# EXERCISE INPUT:
┄┄┄┄┄┄┄┄┄┄┄┄┄┄┄┄┄┄┄┄
(* Let $1\leq d<2$. Then for all $u\in H^1(\mathbb{R}_+,(1+t)^{d-1})$ \[ \sup_{t\geq0}|u(t)|^2\leq K\left(\int_0^\infty|u'|^2(1+t)^{d-1}dt\right)^{d/2}\left(\int_0^\infty|u|^2(1+t)^{d-1}dt\right)^{1-d/2} \] with $K=(2d)^d(2(d-1))^{-2(d-1)}(2-d)^{-1}$, using the convention $0^0=1$.
   Context: $H^1(\mathbb{R}_+,(1+t)^{d-1})$ is the space of $u\in H^1_{\mathrm{loc}}(\mathbb{R}_+)$ with $\int_0^\infty(|u'|^2+|u|^2)(1+t)^{d-1}dt<\infty$. *)

theory Defs
  imports "HOL-Analysis.Analysis"
begin

definition wt :: "real \<Rightarrow> real \<Rightarrow> real" where
  "wt d t = (1 + t) powr (d - 1)"

text \<open>An element of H^1_loc([0,oo)) is identified with its locally absolutely
  continuous representative: u is the integral of its weak derivative u',
  u' is locally integrable, and both weighted L^2 integrals are finite.\<close>
definition H1w :: "real \<Rightarrow> (real \<Rightarrow> complex) \<Rightarrow> (real \<Rightarrow> complex) \<Rightarrow> bool" where
  "H1w d u u' \<longleftrightarrow>
     u \<in> borel_measurable lborel \<and> u' \<in> borel_measurable lborel \<and>
     (\<forall>t\<ge>0. set_integrable lborel {0..t} u') \<and>
     (\<forall>t\<ge>0. u t = u 0 + (LBINT s=0..t. u' s)) \<and>
     set_integrable lborel {0..} (\<lambda>t. (cmod (u' t))\<^sup>2 * wt d t) \<and>
     set_integrable lborel {0..} (\<lambda>t. (cmod (u t))\<^sup>2 * wt d t)"
lemma rho_pos:
  assumes p: "1 \<le> p" and \<delta>: "0 < \<delta>"
  shows "0 < rho M X p \<delta>"
proof -
  have "0 < \<delta> / (2 * real p)" using p \<delta> by simp
  then obtain F where F: "finite F" "rv_support M (X 1) \<subseteq> (\<Union>f\<in>F. ball f (\<delta> / (2 * real p)))"
    using compact_rv_support unfolding compact_eq_totally_bounded by metis
  define P where "P c = prob {\<omega>\<in>space M. blk_dist p (blk_vec X p \<omega>) c < \<delta> / 2}" for c
  define G where "G = {c \<in> blk_grid p F. 0 < P c}"
  have near: "\<exists>c\<in>G. P c \<le> prob {\<omega>\<in>space M. blk_dist p (blk_vec X p \<omega>) x \<le> \<delta>}"
    if "x \<in> blk_support M X p" for x
    using exists_blk_grid_near_blk_support[OF p F(2) that] unfolding G_def P_def by blast
  have "finite G" using finite_blk_grid[OF F(1)] unfolding G_def by auto
  moreover have "G \<noteq> {}" using near blk_support_nonempty[OF p] by blast
  ultimately have "0 < Min (P ` G)" by (auto simp: G_def)
  also have "Min (P ` G) \<le> rho M X p \<delta>"
    unfolding rho_def
  proof (rule cINF_greatest)
    fix x assume "x \<in> blk_support M X p"
    then obtain c where "c \<in> G" "P c \<le> prob {\<omega>\<in>space M. blk_dist p (blk_vec X p \<omega>) x \<le> \<delta>}"
      using near by blast
    with \<open>finite G\<close> show "Min (P ` G) \<le> prob {\<omega>\<in>space M. blk_dist p (blk_vec X p \<omega>) x \<le> \<delta>}"
      by (meson Min_le finite_imageI image_eqI order_trans)
  qed (rule blk_support_nonempty[OF p])
  finally show ?thesis .
qed
lemma rk_E_sat_chain: "sat_chain xs (x::'a) \<Longrightarrow> rk_E x = length xs - 1"
  unfolding rk_E_def
proof (rule the_equality)
  assume "sat_chain xs x"
  then show "\<exists>ys. sat_chain ys x \<and> length ys = Suc (length xs - 1)"
    unfolding sat_chain_def by auto
next
  fix k assume xs: "sat_chain xs x" and "\<exists>ys. sat_chain ys x \<and> length ys = Suc k"
  then obtain ys where ys: "sat_chain ys x" "length ys = Suc k"
    by blast
  have "length ys = length xs"
    using graded xs ys(1) unfolding graded_E_def by blast
  with ys(2) show "k = length xs - 1"
    by simp
qed

lemma rk_E_one: "rk_E (1::'a) = 0"
  using rk_E_sat_chain[OF sat_chain_one] by simp

lemma rk_E_less: "lt_E (x::'a) y \<Longrightarrow> rk_E x < rk_E y"
proof -
  assume "lt_E x y"
  then obtain z where z: "covers_E x z" "le_E z y"
    using exists_cover by blast
  obtain xs where xs: "sat_chain xs x"
    using exists_sat_chain by blast
  then obtain ys where ys: "sat_chain ys y" "length (xs @ [z]) \<le> length ys"
    using sat_chain_extend[OF sat_chain_snoc[OF xs z(1)] z(2)] by blast
  have "0 < length xs"
    using xs unfolding sat_chain_def by simp
  moreover have "Suc (length xs) \<le> length ys"
    using ys(2) by simp
  ultimately show ?thesis
    unfolding rk_E_sat_chain[OF xs] rk_E_sat_chain[OF ys(1)] by linarith
qed

lemma rk_E_le_top: "rk_E (x::'a) \<le> rk_E (top_E::'a)"
  using rk_E_less[of x top_E] le_E_top unfolding lt_E_def by fastforce

lemma atom_ne_one: "(a::'a) \<in> atoms_E \<Longrightarrow> a \<noteq> 1"
  unfolding atoms_E_def using rk_E_one by (metis mem_Collect_eq zero_neq_one)

lemma prod_list_atoms_eq_one_iff:
  assumes "set (w::'a list) \<subseteq> atoms_E"
  shows "prod_list w = 1 \<longleftrightarrow> w = []"
proof
  assume w: "prod_list w = 1"
  show "w = []"
  proof (rule ccontr)
    assume "w \<noteq> []"
    then obtain a where a: "a \<in> set w"
      by (cases w) auto
    then have "a = 1"
      using le_E_prod_list_member[OF a] w le_E_one_iff by simp
    with a assms atom_ne_one show False
      by blast
  qed
qed simp

lemma card_le_rk_E_prod: "independent_E (S::'a set) \<Longrightarrow> card S \<le> rk_E (\<Prod>s\<in>S. s)"
  using finite[of S]
proof (induction S rule: finite_induct)
  case empty
  then show ?case by simp
next
  case (insert s S)
  have prod_insert: "(\<Prod>t\<in>insert s S. t) = s * (\<Prod>t\<in>S. t)"
    using insert.hyps by simp
  have "\<not> le_E s (\<Prod>t\<in>S. t)"
    using insert.prems insert.hyps(2) unfolding independent_E_iff by auto
  then have "lt_E (\<Prod>t\<in>S. t) (\<Prod>t\<in>insert s S. t)"
    unfolding prod_insert lt_E_def using le_E_mult_right le_E_mult_left by metis
  then have "rk_E (\<Prod>t\<in>S. t) < rk_E (\<Prod>t\<in>insert s S. t)"
    by (rule rk_E_less)
  moreover have "card S \<le> rk_E (\<Prod>t\<in>S. t)"
    using insert independent_E_subset[of "insert s S" S] by blast
  ultimately show ?case
    using insert.hyps by simp
qed

lemma card_independent_E_le_rk_top: "independent_E (S::'a set) \<Longrightarrow> card S \<le> rk_E (top_E::'a)"
  using card_le_rk_E_prod rk_E_le_top le_trans by blast

abbreviation atom_cong :: "'a list \<Rightarrow> 'a list \<Rightarrow> bool" where
  "atom_cong \<equiv> cong_gen atoms_E rels_E"

lemma rels_E_commute: "a \<in> atoms_E \<Longrightarrow> b \<in> atoms_E \<Longrightarrow> rels_E [a, b] [b, (a::'a)]"
  unfolding rels_E_def by blast

lemma atom_cong_mset: "set u \<subseteq> atoms_E \<Longrightarrow> mset u = mset v \<Longrightarrow> atom_cong u (v::'a list)"
  using cong_gen_mset[where A = atoms_E and R = rels_E, OF rels_E_commute] .

lemma rels_E_absorb:
  assumes "as \<noteq> []" "set as \<subseteq> atoms_E" "independent_E (set as)" "distinct as"
    and "b \<in> atoms_E" "le_E b (prod_list as)"
  shows "rels_E as (as @ [b::'a])"
proof -
  have "length as \<le> rk_E (top_E::'a)"
    using card_independent_E_le_rk_top[OF assms(3)] distinct_card[OF assms(4)] by simp
  then show ?thesis
    using assms unfolding rels_E_def by (auto simp: Suc_le_eq)
qed

lemma atom_cong_sound: "atom_cong u v \<Longrightarrow> prod_list u = prod_list (v::'a list)"
proof (induction rule: cong_gen.induct)
  case (base u v)
  then consider a b where "u = [a, b]" "v = [b, a]"
    | b where "le_E b (prod_list u)" "v = u @ [b]"
    unfolding rels_E_def by blast
  then show ?case
    by cases (simp add: mult.commute, simp add: le_E_absorb)
qed auto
┄┄┄┄┄┄┄┄┄┄┄┄┄┄┄┄┄┄┄┄
# WHAT NEEDS TO BE DONE:
Lines that include the word "open" — how many are there in the data? Answer with the number alone.

# ANSWER SECTION:
2